State role in cyberespionage campaign? China says report 'lacks technical proof'

A report by security firm Mandiant provides one of the most extensive cases yet for the Chinese government's hand in massive-scale online data theft. Targets included an array of key businesses.

China's government says that an extensive report on an alleged ongoing cyberespionage campaign by Chinese military hackers – which included a broad array of business targets – "lacks technical proof" of state involvement.

The Chinese Ministry of Defense released a statement on its website Wednesday arguing that the new report, released by US security firm Mandiant, provides thin support for its assertion that Chinese state forces were behind online attacks against some 150 victims, mostly US-based sites, writes Reuters.

"The report, in only relying on linking IP [Internet protocol] address to reach a conclusion the hacking attacks originated from China, lacks technical proof," the statement said.
"Everyone knows that the use of usurped IP addresses to carry out hacking attacks happens on an almost daily basis." 

"Second, there is still no internationally clear, unified definition of what consists of a 'hacking attack'. There is no legal evidence behind the report subjectively inducing that the everyday gathering of online [information] is online spying," it added.

The Mandiant report, released Tuesday, provides one of the most extensive cases yet for the Chinese government's involvement in online theft of data on a massive scale. The report documents the deeds of a large group of hackers, dubbed "APT1" by the firm, as they cracked the servers of 141 companies in 20 major industries and successfully stole many terabytes of data.
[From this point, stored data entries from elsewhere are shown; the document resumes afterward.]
lemma additive_drift_stopped_cost:
  fixes G c :: "'s \<Rightarrow> ennreal"
  assumes invariant: "\<And>s s'. I s \<Longrightarrow> A s \<Longrightarrow> s' \<in> set_pmf (K s) \<Longrightarrow> I s'"
    and cost: "\<And>s. I s \<Longrightarrow> A s \<Longrightarrow> c s \<le> M"
    and drift: "\<And>s. I s \<Longrightarrow> A s \<Longrightarrow> (\<integral>\<^sup>+s'. G s' \<partial>K s) + 1 \<le> G s"
    and "I s0"
  shows "(\<Sum>t. stopped_cost K A c s0 t) \<le> M * G s0"
proof -
  have "(\<Sum>t<T. stopped_cost K A c s t) \<le> M * G s" if "I s" for T s
    using that
  proof (induction T arbitrary: s)
    case 0
    show ?case by simp
  next
    case (Suc T)
    show ?case
    proof (cases "A s")
      case False
      then have "stopped_cost K A c s t = 0" for t
        by (cases t) (simp_all add: stopped_cost_0 stopped_cost_Suc)
      then show ?thesis by simp
    next
      case True
      have "(\<Sum>t<Suc T. stopped_cost K A c s t) =
          c s + (\<integral>\<^sup>+s'. (\<Sum>t<T. stopped_cost K A c s' t) \<partial>K s)"
        by (simp add: sum.lessThan_Suc_shift stopped_cost_0 stopped_cost_Suc True nn_integral_sum
            del: sum.lessThan_Suc)
      also have "\<dots> \<le> M + (\<integral>\<^sup>+s'. M * G s' \<partial>K s)"
        using cost[OF Suc.prems True] Suc.IH invariant[OF Suc.prems True]
        by (intro add_mono nn_integral_mono_AE) (auto simp: AE_measure_pmf_iff)
      also have "\<dots> = M * ((\<integral>\<^sup>+s'. G s' \<partial>K s) + 1)"
        by (simp add: nn_integral_cmult distrib_left add.commute)
      also have "\<dots> \<le> M * G s"
        using drift[OF Suc.prems True] by (rule mult_left_mono) simp
      finally show ?thesis .
    qed
  qed
  then show ?thesis
    using \<open>I s0\<close> by (simp add: suminf_eq_SUP SUP_least)
qed

lemma sbm_preserves_length: "y \<in> set_pmf (sbm p x) \<Longrightarrow> length y = length x"
  by (induction x arbitrary: y) auto

lemma heavy_tailed_preserves_length: "y \<in> set_pmf (heavy_tailed \<beta> x) \<Longrightarrow> length y = length x"
  by (auto simp: heavy_tailed_def dest: sbm_preserves_length)

lemma set_pmf_iid_list: "ys \<in> set_pmf (iid_list k P) \<Longrightarrow> length ys = k \<and> set ys \<subseteq> set_pmf P"
  by (induction k arbitrary: ys) fastforce+

lemma emeasure_iid_list_exists_le:
  "emeasure (iid_list k P) {ys. \<exists>y\<in>set ys. Q y} \<le> of_nat k * emeasure P {y. Q y}"
proof (induction k)
  case 0
  show ?case by simp
next
  case (Suc k)
  define E where "E = {ys. \<exists>y\<in>set ys. Q y}"
  have "emeasure (iid_list (Suc k) P) E = (\<integral>\<^sup>+y. \<integral>\<^sup>+ys. indicator E (y # ys) \<partial>iid_list k P \<partial>P)"
    by simp
  also have "\<dots> \<le> (\<integral>\<^sup>+y. \<integral>\<^sup>+ys. indicator {y. Q y} y + indicator E ys \<partial>iid_list k P \<partial>P)"
    by (intro nn_integral_mono) (auto simp: E_def indicator_def)
  also have "\<dots> = emeasure P {y. Q y} + emeasure (iid_list k P) E"
    by (simp add: nn_integral_add measure_pmf.emeasure_space_1)
  also have "\<dots> \<le> of_nat (Suc k) * emeasure P {y. Q y}"
    using Suc by (simp add: E_def distrib_right add_left_mono)
  finally show ?case by (simp add: E_def)
qed

lemma best_offspring:
  assumes "ys \<in> set_pmf (iid_list k P)" "0 < k"
    and "i \<in> set_pmf (pmf_of_set {i. i < k \<and> g (ys ! i) = Max (g ` set ys)})"
  shows "ys ! i \<in> set ys" "ys ! i \<in> set_pmf P" "\<forall>y\<in>set ys. g y \<le> g (ys ! i)"
proof -
  have len: "length ys = k" and sub: "set ys \<subseteq> set_pmf P"
    using set_pmf_iid_list[OF assms(1)] by auto
  then have "Max (g ` set ys) \<in> g ` set ys"
    using \<open>0 < k\<close> by (intro Max_in) auto
  then have "{i. i < k \<and> g (ys ! i) = Max (g ` set ys)} \<noteq> {}"
    using len by (auto simp: in_set_conv_nth)
  then have i: "i < k" "g (ys ! i) = Max (g ` set ys)"
    using assms(3) by auto
  then show "ys ! i \<in> set ys" "ys ! i \<in> set_pmf P" "\<forall>y\<in>set ys. g y \<le> g (ys ! i)"
    using len sub by auto
qed

lemma map_snd_ea_step:
  assumes "1 \<le> lam"
  shows "map_pmf snd (ea_step F s g mut (x, lam)) =
    map_pmf (\<lambda>ys. if \<exists>y\<in>set ys. g x < g y then max 1 (lam / F) else F powr (1 / s) * lam)
      (iid_list (nat (round lam)) (mut x))"
  unfolding ea_step_def Let_def map_bind_pmf map_return_pmf prod.case snd_conv
  unfolding map_pmf_def
proof (intro bind_pmf_cong refl)
  fix ys
  assume ys: "ys \<in> set_pmf (iid_list (nat (round lam)) (mut x))"
  have "0 < nat (round lam)"
    using assms of_int_round_ge[of lam] by linarith
  with ys have "(g x < g (ys ! i)) = (\<exists>y\<in>set ys. g x < g y)"
    if "i \<in> set_pmf (pmf_of_set {i. i < nat (round lam) \<and> g (ys ! i) = Max (g ` set ys)})" for i
    using best_offspring[OF ys _ that] by (auto intro: less_le_trans)
  then show "pmf_of_set {i. i < nat (round lam) \<and> g (ys ! i) = Max (g ` set ys)} \<bind>
      (\<lambda>i. return_pmf (if g x < g (ys ! i) then max 1 (lam / F) else F powr (1 / s) * lam)) =
    return_pmf (if \<exists>y\<in>set ys. g x < g y then max 1 (lam / F) else F powr (1 / s) * lam)"
    by (subst bind_pmf_cong[OF refl, where g = "\<lambda>_. return_pmf _"]) auto
qed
Mandiant traced almost all of APT1's routes online back to Shanghai, and some even more specifically to a region in the city where a cyber-focused unit of the Chinese military, Unit 61398, is located.

Although possibly a military enterprise, APT1 appears to be focused toward corporate profit ends. The report notes that hackers' targets included a broad range of business types, including information technology, aerospace, financial services, agriculture, energy, and health care, and that information stolen included product specs, manufacturing procedures, and business plans. That sort of information, writes The Associated Press, could provide China's various state-owned megacorporations with major bargaining leverage and competitive advantages in the global marketplace.

Companies in fields from petrochemicals to software can cut costs by receiving stolen secrets. An energy company bidding for access to an oil field abroad can save money if spies can tell it what foreign rivals might pay. Suppliers can press customers to pay more if they know details of their finances. For China, advanced technology and other information from the West could help speed the rise of giant state owned companies seen as national champions.

Although the report asserts that "the sheer scale and duration of sustained attacks against such a wide set of industries from a singularly identified group based in China leaves little doubt about the organization behind APT1," some cyberespionage experts note that it's still a step short of proving the involvement of Unit 61398 and the Chinese military. Dell Secureworks cybersecurity expert Joe Stewart told The Christian Science Monitor, "There’s what we suspect and what we can prove."

“We still don’t have any hard proof that ... APT1 is coming out of that [Unit 61398's 12-story] building, other than a lot of weird coincidence pointing that direction. To me, it’s not hard evidence,” he said.

But, as the Mandiant report notes, the other valid possibility that the evidence supports seems "unlikely": that "[a] secret, resourced organization full of mainland Chinese speakers with direct access to Shanghai-based telecommunications infrastructure is engaged in a multi-year, enterprise scale computer espionage campaign right outside of Unit 61398’s gates, performing tasks similar to Unit 61398’s known mission."

Regardless, the report has brought Unit 61398 into the limelight, and the unit has locked down security in response. Agence France-Presse reports that one of its photographers, along with another international photographer, was briefly held by soldiers after shooting video outside the unit's headquarters.

Six Chinese soldiers in uniform pulled the AFP photographer out of a car and brought him to the guardhouse, where they searched his bag and seized his camera's memory card before allowing him to leave with a warning.

Speaking in English, the apparent leader of the group told him no photography was allowed since it was a military installation.